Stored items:

(* There exists a constant $\widehat c>0$ such that for all $N$ large enough and all $n\in\mathbb{Z}_+$, $$\|\check\pi-\zeta\|_{\mathrm{tv}}\le\frac{5\cdot 2^N n}{N!}+2e^{1-\widehat c n/N^3}.$$ Consequently $\limsup_{N\to\infty}\frac{1}{N\ln N}\ln\|\check\pi-\zeta\|_{\mathrm{tv}}\le -1$.
   Context: Let $\pi_N$ be the law of the number of fixed points of a uniform random permutation of $\{1,\dots,N\}$, $\check\pi$ the law $\pi_N$ conditioned on $\{0,\dots,N-4\}$, and $\zeta$ the Poisson law of parameter 1 conditioned on $\{0,\dots,N-4\}$. $\|\mu-\mu'\|_{\mathrm{tv}}=\sup_A|\mu(A)-\mu'(A)|$. *)

theory Defs
  imports "HOL-Probability.Probability"
begin

definition fixpt_pmf :: "nat \<Rightarrow> nat pmf" where
  "fixpt_pmf N = map_pmf (\<lambda>\<sigma>. card {i \<in> {1..N}. \<sigma> i = i})
                   (pmf_of_set {\<sigma> :: nat \<Rightarrow> nat. \<sigma> permutes {1..N}})"

definition fixpt_cond_pmf :: "nat \<Rightarrow> nat pmf" where
  "fixpt_cond_pmf N = cond_pmf (fixpt_pmf N) {0..N - 4}"

definition poisson_cond_pmf :: "nat \<Rightarrow> nat pmf" where
  "poisson_cond_pmf N = cond_pmf (poisson_pmf 1) {0..N - 4}"

definition tv_dist :: "'a pmf \<Rightarrow> 'a pmf \<Rightarrow> real" where
  "tv_dist p q = (SUP A. \<bar>measure_pmf.prob p A - measure_pmf.prob q A\<bar>)"

end

theory Submission
  imports Defs "HOL-Real_Asymp.Real_Asymp"
begin

text \<open>
  A permutation of an N-set with exactly k fixed points is a choice of the fixed set and a
  derangement of the remaining N - k points, and counting derangements gives
  \<open>\<pi>\<^sub>N(k) = s(N - k) / k!\<close>, where \<open>s(m) = \<Sum>\<^sub>j\<^sub>\<le>\<^sub>m (-1)\<^sup>j / j!\<close> is the truncated series of
  \<open>e\<^sup>-\<^sup>1\<close>. Hence \<open>|\<pi>\<^sub>N(k) - \<zeta>(k)| \<le> 3 / (k! (N + 1 - k)!)\<close>, and summing over k gives an
  \<open>\<ell>\<^sup>1\<close>-distance of order \<open>2\<^sup>N / N!\<close> on \<open>{0..N-4}\<close>. Conditioning on a set of probability at
  least 1/4 changes this by a bounded factor, which gives the total variation bound
  \<open>5 \<cdot> 2\<^sup>N / N!\<close>; Stirling's lower bound \<open>N! \<ge> (N/e)\<^sup>N\<close> then gives the rate \<open>-N ln N\<close>.
\<close>

subsection \<open>Counting permutations by their fixed points\<close>

definition derangements :: "'a set \<Rightarrow> ('a \<Rightarrow> 'a) set" where
  "derangements A = {\<sigma>. \<sigma> permutes A \<and> (\<forall>x\<in>A. \<sigma> x \<noteq> x)}"

definition partial_exp_neg_one :: "nat \<Rightarrow> real" where
  "partial_exp_neg_one n = (\<Sum>j\<le>n. (-1) ^ j / fact j)"

lemma permutes_with_fixpoints_eq_derangements:
  assumes "F \<subseteq> A"
  shows "{\<sigma>. \<sigma> permutes A \<and> {x\<in>A. \<sigma> x = x} = F} = derangements (A - F)"
  using assms unfolding derangements_def permutes_def by auto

Exercise instructions: Begin at the first line of the records above and restate each line word for word, stopping after the line with "truncated series of".

Answer to this task:
(* There exists a constant $\widehat c>0$ such that for all $N$ large enough and all $n\in\mathbb{Z}_+$, $$\|\check\pi-\zeta\|_{\mathrm{tv}}\le\frac{5\cdot 2^N n}{N!}+2e^{1-\widehat c n/N^3}.$$ Consequently $\limsup_{N\to\infty}\frac{1}{N\ln N}\ln\|\check\pi-\zeta\|_{\mathrm{tv}}\le -1$.
   Context: Let $\pi_N$ be the law of the number of fixed points of a uniform random permutation of $\{1,\dots,N\}$, $\check\pi$ the law $\pi_N$ conditioned on $\{0,\dots,N-4\}$, and $\zeta$ the Poisson law of parameter 1 conditioned on $\{0,\dots,N-4\}$. $\|\mu-\mu'\|_{\mathrm{tv}}=\sup_A|\mu(A)-\mu'(A)|$. *)

theory Defs
  imports "HOL-Probability.Probability"
begin

definition fixpt_pmf :: "nat \<Rightarrow> nat pmf" where
  "fixpt_pmf N = map_pmf (\<lambda>\<sigma>. card {i \<in> {1..N}. \<sigma> i = i})
                   (pmf_of_set {\<sigma> :: nat \<Rightarrow> nat. \<sigma> permutes {1..N}})"

definition fixpt_cond_pmf :: "nat \<Rightarrow> nat pmf" where
  "fixpt_cond_pmf N = cond_pmf (fixpt_pmf N) {0..N - 4}"

definition poisson_cond_pmf :: "nat \<Rightarrow> nat pmf" where
  "poisson_cond_pmf N = cond_pmf (poisson_pmf 1) {0..N - 4}"

definition tv_dist :: "'a pmf \<Rightarrow> 'a pmf \<Rightarrow> real" where
  "tv_dist p q = (SUP A. \<bar>measure_pmf.prob p A - measure_pmf.prob q A\<bar>)"

end

theory Submission
  imports Defs "HOL-Real_Asymp.Real_Asymp"
begin

text \<open>
  A permutation of an N-set with exactly k fixed points is a choice of the fixed set and a
  derangement of the remaining N - k points, and counting derangements gives
  \<open>\<pi>\<^sub>N(k) = s(N - k) / k!\<close>, where \<open>s(m) = \<Sum>\<^sub>j\<^sub>\<le>\<^sub>m (-1)\<^sup>j / j!\<close> is the truncated series of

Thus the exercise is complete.